According to the information you provided, the Proposed Transactions would consist of: (i) an exchange transaction with the United States Department of Treasury (the “Treasury”) (the “Treasury Exchange”); and (ii) an exchange offer, which would be made to the holders of the company’s outstanding trust preferred securities (the “Trust Preferred”) (the “Trust Preferred Exchange”). Currently, as a result of its investment in the company under the Troubled Asset Relief Program, the Treasury owns shares of the company’s non-convertible preferred stock (the “Preferred Stock”) and a warrant (the “Warrant”) exercisable for shares of common stock. The Warrant cannot be exercised for 20% or more of the company’s pre-transaction outstanding shares of common stock at a discount, or if such exercise would result in a change of control, unless shareholder approval is first obtained. The Trust Preferred is held by investors other than the Treasury.
 
At a shareholders’ meeting held approximately three months ago, the company received shareholder approval for the Trust Preferred Exchange under Listing Rule 5635(d) and for the issuance of its common stock to the Treasury in exchange for the Preferred Stock under Rules 5635(b) and (d).
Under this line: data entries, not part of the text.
(* Let $\{\gamma_k\}$ and $\{\lambda_k\}$ be positive non-increasing sequences, let $r<1$, and let $\{\bar x_N\}$ be generated by the IR-IG method. Let $M_h,M$ be scalars with $|h(x)|\le M_h$ and $\|x\|\le M$ for all $x\in X$. Then for all $N\ge1$, $$f(\bar x_N)-f^*\le\Big(\sum_{k=0}^{N-1}\gamma_k^r\Big)^{-1}\Big(m\sum_{k=0}^{N-1}\gamma_k^{r+1}(C_f^2+\lambda_k^2C_h^2)+m^2C_f\sum_{k=0}^{N-1}\gamma_k^{r+1}(C_f+\lambda_kC_h)+2M_h\sum_{k=0}^{N-1}\gamma_k^r\lambda_k+2M^2\gamma_{N-1}^{r-1}\Big).$$
   Context: Standing setup: $X\subset\mathbb{R}^n$ is nonempty, compact and convex. $f_1,\dots,f_m:\mathbb{R}^n\to\mathbb{R}$ are convex (possibly nondifferentiable) functions and $f=\sum_{i=1}^m f_i$. $h:\mathbb{R}^n\to\mathbb{R}$ is strongly convex with parameter $\mu_h>0$ (possibly nondifferentiable). Let $f^*=\min_{x\in X}f(x)$. $C_f,C_h$ are constants such that $\|g\|\le C_f$ for every $g\in\partial f_i(x)$, $i=1,\dots,m$, $x\in X$, and $\|g\|\le C_h$ for every $g\in\partial h(x)$, $x\in X$. $\mathcal{P}_X$ denotes Euclidean projection onto $X$. IR-IG method: given $x_0\in X$, positive sequences $\{\gamma_k\}$, $\{\lambda_k\}$ and a constant $r<1$, for each $k\ge0$ set $x_{k,0}=x_k$; for $i=0,\dots,m-1$ pick any $g_{f_{i+1}}(x_{k,i})\in\partial f_{i+1}(x_{k,i})$ and $g_h(x_{k,i})\in\partial h(x_{k,i})$ and set $x_{k,i+1}=\mathcal{P}_X\big(x_{k,i}-\gamma_k\big(g_{f_{i+1}}(x_{k,i})+\tfrac{\lambda_k}{m}g_h(x_{k,i})\big)\big)$; then set $x_{k+1}=x_{k,m}$. The averaged iterates are $\bar x_N=\sum_{k=0}^{N-1}\gamma_k^r x_k\big/\sum_{k=0}^{N-1}\gamma_k^r$ for $N\ge1$. *)

theory Defs
  imports "HOL-Analysis.Analysis"
begin

definition subdiff :: "('a::real_inner \<Rightarrow> real) \<Rightarrow> 'a \<Rightarrow> 'a set" where
  "subdiff f x = {g. \<forall>y. f y \<ge> f x + inner g (y - x)}"

definition strongly_convex :: "real \<Rightarrow> ('a::real_normed_vector \<Rightarrow> real) \<Rightarrow> bool" where
  "strongly_convex mu h \<longleftrightarrow> (\<forall>x y t. 0 \<le> t \<and> t \<le> 1 \<longrightarrow>
     h (t *\<^sub>R x + (1 - t) *\<^sub>R y) \<le> t * h x + (1 - t) * h y - mu / 2 * t * (1 - t) * (norm (x - y))\<^sup>2)"

end

theory Submission
  imports Defs
begin

text \<open>
  One inner pass of the method moves the iterate by at most \<open>m \<gamma>\<^sub>k (C\<^sub>f + \<lambda>\<^sub>k C\<^sub>h / m)\<close>, so each
  component \<open>f\<^sub>i\<close> may be evaluated at the outer iterate \<open>x\<^sub>k\<close> at the price of a Lipschitz error;
  bounding the regularization terms crudely by \<open>2M\<^sub>h\<close>, nonexpansiveness of the projection gives
  \<open>\<gamma>\<^sub>k (f(x\<^sub>k) - f(z)) \<le> (\<parallel>x\<^sub>k - z\<parallel>\<^sup>2 - \<parallel>x\<^sub>k\<^sub>+\<^sub>1 - z\<parallel>\<^sup>2)/2 + (error terms)\<close> for every \<open>z \<in> X\<close>.
  Multiplying by \<open>\<gamma>\<^sub>k\<^sup>r\<^sup>-\<^sup>1\<close>, which is nondecreasing in \<open>k\<close> because \<open>r < 1\<close>, the distance terms telescope
  to at most \<open>\<gamma>\<^sub>N\<^sub>-\<^sub>1\<^sup>r\<^sup>-\<^sup>1 (2M)\<^sup>2\<close>, and Jensen's inequality for the weighted average of the iterates concludes.
\<close>

lemma subdiff_nonempty:
  fixes f :: "'a::euclidean_space \<Rightarrow> real"
  assumes "convex_on UNIV f"
  shows "subdiff f x0 \<noteq> {}"
proof -
  let ?S = "{p :: 'a \<times> real. fst p = x0 \<and> snd p < f x0}"
  have "convex ?S"
    unfolding convex_def by (auto simp: convex_bound_lt scaleR_left_distrib[symmetric])
  moreover have "(x0, f x0 - 1) \<in> ?S" "(x0, f x0) \<in> epigraph UNIV f"
    by (auto simp: epigraph_def)
  moreover have "?S \<inter> epigraph UNIV f = {}"
    by (auto simp: epigraph_def)
  ultimately obtain w b where w: "w \<noteq> 0" and wS: "\<forall>p\<in>?S. inner w p \<le> b"
    and wT: "\<forall>p\<in>epigraph UNIV f. inner w p \<ge> b"
    using separating_hyperplane_sets[OF _ convex_epigraphI[OF assms]] by blast
  obtain a c where wac: "w = (a, c)" by (cases w)
  have above: "inner a y + c * t \<ge> b" if "f y \<le> t" for y t
    using wT wac that by (auto simp: epigraph_def)
  have below: "inner a x0 + c * t \<le> b" if "t < f x0" for t
    using wS wac that by auto
  have "c > 0"
  proof (rule ccontr)
    assume "\<not> c > 0"
    moreover have "c \<ge> 0"
      using below[of "f x0 - 1"] above[of x0 "f x0"] by (simp add: algebra_simps)
    ultimately have "c = 0" by simp
    then have "a \<noteq> 0" using w wac by (auto simp: zero_prod_def)
    moreover have "inner a (x0 - a) \<ge> b" "inner a x0 \<le> b"
      using above[of "x0 - a" "f (x0 - a)"] below[of "f x0 - 1"] \<open>c = 0\<close> by simp_all
    ultimately have "inner a a \<le> 0" by (simp add: inner_diff_right)
    with \<open>a \<noteq> 0\<close> show False by (metis inner_gt_zero_iff not_le)
  qed
  have at_x0: "inner a x0 + c * f x0 \<le> b"
  proof (rule ccontr)
    define d where "d = inner a x0 + c * f x0 - b"
    assume "\<not> ?thesis"
    then have "d > 0" by (simp add: d_def)
    have "c * (f x0 - d / (2 * c)) = c * f x0 - d / 2" using \<open>c > 0\<close> by (simp add: field_simps)
    moreover have "inner a x0 + c * (f x0 - d / (2 * c)) \<le> b"
      using below \<open>d > 0\<close> \<open>c > 0\<close> by simp
    ultimately show False using \<open>d > 0\<close> d_def by linarith
  qed
  have "(- (1 / c)) *\<^sub>R a \<in> subdiff f x0"
    unfolding subdiff_def
  proof safe
    fix y
    have "c * f y \<ge> c * f x0 - inner a (y - x0)"
      using above[of y "f y"] at_x0 by (simp add: inner_diff_right)
    then show "f x0 + inner ((- (1 / c)) *\<^sub>R a) (y - x0) \<le> f y"
      using \<open>c > 0\<close> by (simp add: field_simps)
  qed
  then show ?thesis by blast
qed

lemma subdiff_le_inner:
  assumes "g \<in> subdiff f x"
  shows "f x - f z \<le> inner g (x - z)"
  using assms by (auto simp: subdiff_def inner_diff_right dest!: spec[of _ z])

lemma convex_on_diff_le_subdiff_bound:
  fixes f :: "'a::euclidean_space \<Rightarrow> real"
  assumes "convex_on UNIV f" and "\<And>g. g \<in> subdiff f y \<Longrightarrow> norm g \<le> C"
  shows "f y - f z \<le> C * norm (y - z)"
proof -
  obtain g where g: "g \<in> subdiff f y" using subdiff_nonempty[OF assms(1)] by blast
  have "f y - f z \<le> inner g (y - z)" using subdiff_le_inner[OF g] .
  also have "\<dots> \<le> norm g * norm (y - z)" using norm_cauchy_schwarz by blast
  also have "\<dots> \<le> C * norm (y - z)" using assms(2)[OF g] by (simp add: mult_right_mono)
  finally show ?thesis .
qed

lemma norm_closest_point_step_le:
  fixes X :: "'a::euclidean_space set"
  assumes "convex X" "closed X" "z \<in> X"
  shows "(norm (closest_point X (y - t *\<^sub>R d) - z))\<^sup>2
    \<le> (norm (y - z))\<^sup>2 - 2 * t * inner d (y - z) + t\<^sup>2 * (norm d)\<^sup>2"
proof -
  have "norm (closest_point X (y - t *\<^sub>R d) - z) \<le> norm ((y - z) - t *\<^sub>R d)"
    using closest_point_lipschitz[OF assms(1,2), of "y - t *\<^sub>R d" z] closest_point_self[OF assms(3)]
      assms(3) by (auto simp: dist_norm algebra_simps)
  then have "(norm (closest_point X (y - t *\<^sub>R d) - z))\<^sup>2 \<le> (norm ((y - z) - t *\<^sub>R d))\<^sup>2"
    by (simp add: power_mono)
  also have "\<dots> = (norm (y - z))\<^sup>2 - 2 * t * inner d (y - z) + t\<^sup>2 * (norm d)\<^sup>2"
    by (simp only: power2_norm_eq_inner)
      (simp add: inner_diff_left inner_diff_right inner_commute algebra_simps power2_eq_square)
  finally show ?thesis .
qed

lemma sum_weighted_telescope_le:
  fixes a D :: "nat \<Rightarrow> real"
  assumes D: "\<And>k. 0 \<le> D k" "\<And>k. D k \<le> B" and a: "\<And>k. 0 \<le> a k" "\<And>k. a k \<le> a (Suc k)"
    and "n \<ge> 1"
  shows "(\<Sum>k<n. a k * (D k - D (Suc k))) \<le> a (n - 1) * B"
proof -
  \<comment> \<open>Each step adds \<open>(a\<^sub>n - a\<^sub>n\<^sub>-\<^sub>1) D\<^sub>n \<le> (a\<^sub>n - a\<^sub>n\<^sub>-\<^sub>1) B\<close> to the left-hand side of this invariant.\<close>
  have "(\<Sum>k<n. a k * (D k - D (Suc k))) + a (n - 1) * D n \<le> a (n - 1) * B"
    using \<open>n \<ge> 1\<close>
  proof (induction n rule: dec_induct)
    case base
    have "a 0 * D 0 \<le> a 0 * B" using D a by (simp add: mult_left_mono)
    then show ?case by (simp add: algebra_simps)
  next
    case (step n)
    have "a (n - 1) \<le> a n" using a(2)[of "n - 1"] step(1) by simp
    then have "(a n - a (n - 1)) * D n \<le> (a n - a (n - 1)) * B" using D by (simp add: mult_left_mono)
    then show ?case using step.IH by (simp add: algebra_simps)
  qed
  moreover have "a (n - 1) * D n \<ge> 0" using a D by simp
  ultimately show ?thesis by linarith
qed

lemma convex_on_sum_fun:
  assumes "convex S" "\<And>i. i \<in> I \<Longrightarrow> convex_on S (F i)"
  shows "convex_on S (\<lambda>y. \<Sum>i\<in>I. F i y)"
  using assms
proof (induction I rule: infinite_finite_induct)
  case (insert i I)
  then show ?case by (simp add: convex_on_add)
qed (simp_all add: convex_on_const)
In the proposal in its proxy statement, the company said that it would complete the Trust Preferred Exchange within three months of the date of shareholder approval.
 
Following the shareholders’ meeting and before consummating the Treasury Exchange, the company and the Treasury continued to negotiate terms. As a result, the final terms of the Treasury Exchange differ in some respects from what was presented to shareholders. Under the final terms, the company would issue shares of convertible preferred stock (the “New Preferred”) to the Treasury, rather than shares of common stock. The conversion price, and the maximum number of shares of common stock that could be issued upon conversion, would be consistent with the terms of the common stock issuance that shareholders approved. In addition, the company would issue a new warrant (the “New Warrant”) to the Treasury in exchange for the Warrant. The New Warrant would contain a provision that would allow its exercise only to the extent such exercise is consistent with NASDAQ’s Rules (the “Exercise Limitation”).
 
The company had been waiting to finalize the Treasury Exchange before commencing the Trust Preferred Exchange. As such, the company will not complete the Trust Preferred Exchange within three months of the receipt of shareholder approval; instead, it now expects to complete the Trust Preferred Exchange within approximately six months of such approval. Otherwise, the Trust Preferred Exchange would be on the same terms as approved by shareholders.
 
Following our review of the information you provided, we have determined that NASDAQ will not require further shareholder approval of the Proposed Transactions under the Rules. We have reached this conclusion because in the Treasury Exchange the issuance of the common stock upon the conversion of the New Preferred would be on the same terms as the common stock issuance approved by the shareholders, including the pricing and the maximum number of shares that could be issued. Because of the Exercise Limitation, the New Warrant could not be exercised if such exercise could result in either a change of control or an issuance of 20% or more of the pre-transaction outstanding shares at a discount without shareholder approval. As such, the requirements of the Rules would be satisfied with respect to the New Warrant.  The Trust Preferred Exchange would not require further shareholder approval because it would be on the terms which were approved by the company’s shareholders. We do not believe that the additional time required in this case to complete the Trust Preferred Exchange requires the company to seek additional shareholder approval under NASDAQ rules.